I’ve got a gradle build with two projects. :foo
is an interactive application. :ship
has some custom tasks related to deployment. One task in particular from :ship
started to generate a warning in Gradle 5.1:
(file is in subproject :ship)
class FooTask extends DefaultTask {
FooTask() {
dependsOn(':foo:classes')
}
@TaskAction
void doAction() {
def cp = project.project(':foo').sourceSets.main.runtimeClasspath
project.javaexec({
classpath = cp
main = 'fooMain'
})
}
}
I am getting this warning:
The configuration :foo:runtimeClasspath was resolved without accessing the project in a safe manner. This may happen when
a configuration is resolved from a thread not managed by Gradle or from a different project. See https://docs.gradle.org/5.1/userguide/tro
ubleshooting_dependency_resolution.html#configuration_resolution_constraints for more details. This behaviour has been deprecated and is sch
eduled to be removed in Gradle 6.0.
at org.gradle.api.internal.artifacts.configurations.DefaultConfiguration.resolveToStateOrLater(DefaultConfiguration.java:534)
at org.gradle.api.internal.artifacts.configurations.DefaultConfiguration.access$2200(DefaultConfiguration.java:135)
at org.gradle.api.internal.artifacts.configurations.DefaultConfiguration$ConfigurationFileCollection.getSelectedArtifacts(DefaultConfiguration.java:1158)
at org.gradle.api.internal.artifacts.configurations.DefaultConfiguration$ConfigurationFileCollection.getFiles(DefaultConfiguration.java:1147)
at org.gradle.api.internal.file.AbstractFileCollection.iterator(AbstractFileCollection.java:72)
at org.gradle.api.internal.artifacts.configurations.DefaultConfiguration.iterator(DefaultConfiguration.java:462)
at com.google.common.collect.ImmutableCollection$Builder.addAll(ImmutableCollection.java:384)
at com.google.common.collect.ImmutableCollection$ArrayBasedBuilder.addAll(ImmutableCollection.java:476)
at com.google.common.collect.ImmutableSet$Builder.addAll(ImmutableSet.java:518)
at org.gradle.api.internal.file.CompositeFileCollection.getFiles(CompositeFileCollection.java:80)
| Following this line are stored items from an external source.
(* Let $B_0,\ldots,B_{m-1}$ be $d \times d$ real matrices, and suppose that $x \in \Sigma_m^\omega$ is very weakly extremal for $\mathcal{B}=\{B_0,\ldots,B_{m-1}\}$. Then there exists $y \in \Sigma_m^\omega$ which is recurrent and strongly extremal for $\mathcal{B}$, and satisfies $\mathcal L(y)\subseteq\mathcal L(x)$.
   Context: $\Sigma_m=\{0,\ldots,m-1\}$, $\Sigma_m^\omega$ is the set of infinite sequences $x=x_1x_2\cdots$ over $\Sigma_m$. A subword of $x$ is a finite word $x_{k+1}\cdots x_{k+n}$ with $k\ge0$, $n\ge1$; $\mathcal L(x)$ denotes the set of all subwords of $x$. A sequence is recurrent if every one of its subwords occurs infinitely many times in it. The joint spectral radius is $\varrho(\mathcal{B})=\lim_{n\to\infty}\max\{\|B_{i_1}\cdots B_{i_n}\|^{1/n}: i_j\in\Sigma_m\}$, with $\|\cdot\|$ the Euclidean operator norm. A sequence $x$ is strongly extremal for $\mathcal{B}$ if there is $\delta>0$ with $\|B_{x_n}\cdots B_{x_1}\|\ge\delta\varrho(\mathcal{B})^n$ for all $n\ge1$, and very weakly extremal for $\mathcal{B}$ if $\limsup_{n\to\infty}\|B_{x_n}\cdots B_{x_1}\|^{1/n}=\varrho(\mathcal{B})$. *)

theory Defs
  imports "HOL-Analysis.Analysis"
begin

text \<open>A family B_0..B_{m-1} is a function B :: nat => matrix, only indices < m matter.
  Infinite sequences x = x_1 x_2 ... over Sigma_m are functions nat => nat,
  read from index 1 on; we require x n < m for all n (the value at 0 is unused).\<close>

definition opnorm :: "real^'d^'d \<Rightarrow> real" where
  "opnorm A = onorm (\<lambda>v. A *v v)"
at org.gradle.api.internal.file.CompositeFileCollection.iterator(CompositeFileCollection.java:67)
at org.gradle.util.CollectionUtils.join(CollectionUtils.java:561)
at org.gradle.process.internal.JavaExecHandleBuilder.getAllJvmArgs(JavaExecHandleBuilder.java:59)
at org.gradle.process.internal.JavaExecHandleBuilder.getAllArguments(JavaExecHandleBuilder.java:225)
at org.gradle.process.internal.AbstractExecHandleBuilder.build(AbstractExecHandleBuilder.java:135)
at org.gradle.process.internal.JavaExecHandleBuilder.build(JavaExecHandleBuilder.java:242)
at org.gradle.process.internal.DefaultJavaExecAction.execute(DefaultJavaExecAction.java:34)
at org.gradle.api.internal.file.DefaultFileOperations.javaexec(DefaultFileOperations.java:227)
at org.gradle.api.internal.project.DefaultProject.javaexec(DefaultProject.java:1103)
at org.gradle.api.internal.project.DefaultProject.javaexec(DefaultProject.java:1098)
at org.gradle.api.Project$javaexec$2.call(Unknown Source)
...
The error message helpfully references the docs for Constraints on configuration resolution
which say:
Configurations need to be resolved safely when crossing project boundaries … Gradle can usually manage this safe access, but the configuration needs to be accessed in a way that enables Gradle to do so. There are a number of ways a configuration might be resolved unsafely … e.g. A task from one project directly resolves a configuration in another project.
The trouble is, the docs don’t say what makes a resolution safe. They list a couple unsafe examples (one of which I am clearly violating), but the docs:
- don’t recommend a solution
- don’t describe what proper operation is, so that I can find a solution myself
My first instinct is that there is now no way for one project to depend on the resolved configuration of another project. If so, fair enough, but let me describe my usecase for why I hope there is a way to resolve a peer project’s dependencies.
- subproject
:foo
is an interactive application - subproject
:ship
has tasks that headlessly automates:foo
for certain maintenance tasks, along with other generic maintenance tasks
Of course, some of the tasks in :ship
could move to :foo
if they have to. But the tasks are actually about completing tasks relating to shipping, and they’re coupled with other shipping tasks that don’t have anything to do with :foo
. Likewise, :foo
is an otherwise totally normal java project unrelated to shipping, and it would be a little messy if some random shipping logic has to get stuffed into its project.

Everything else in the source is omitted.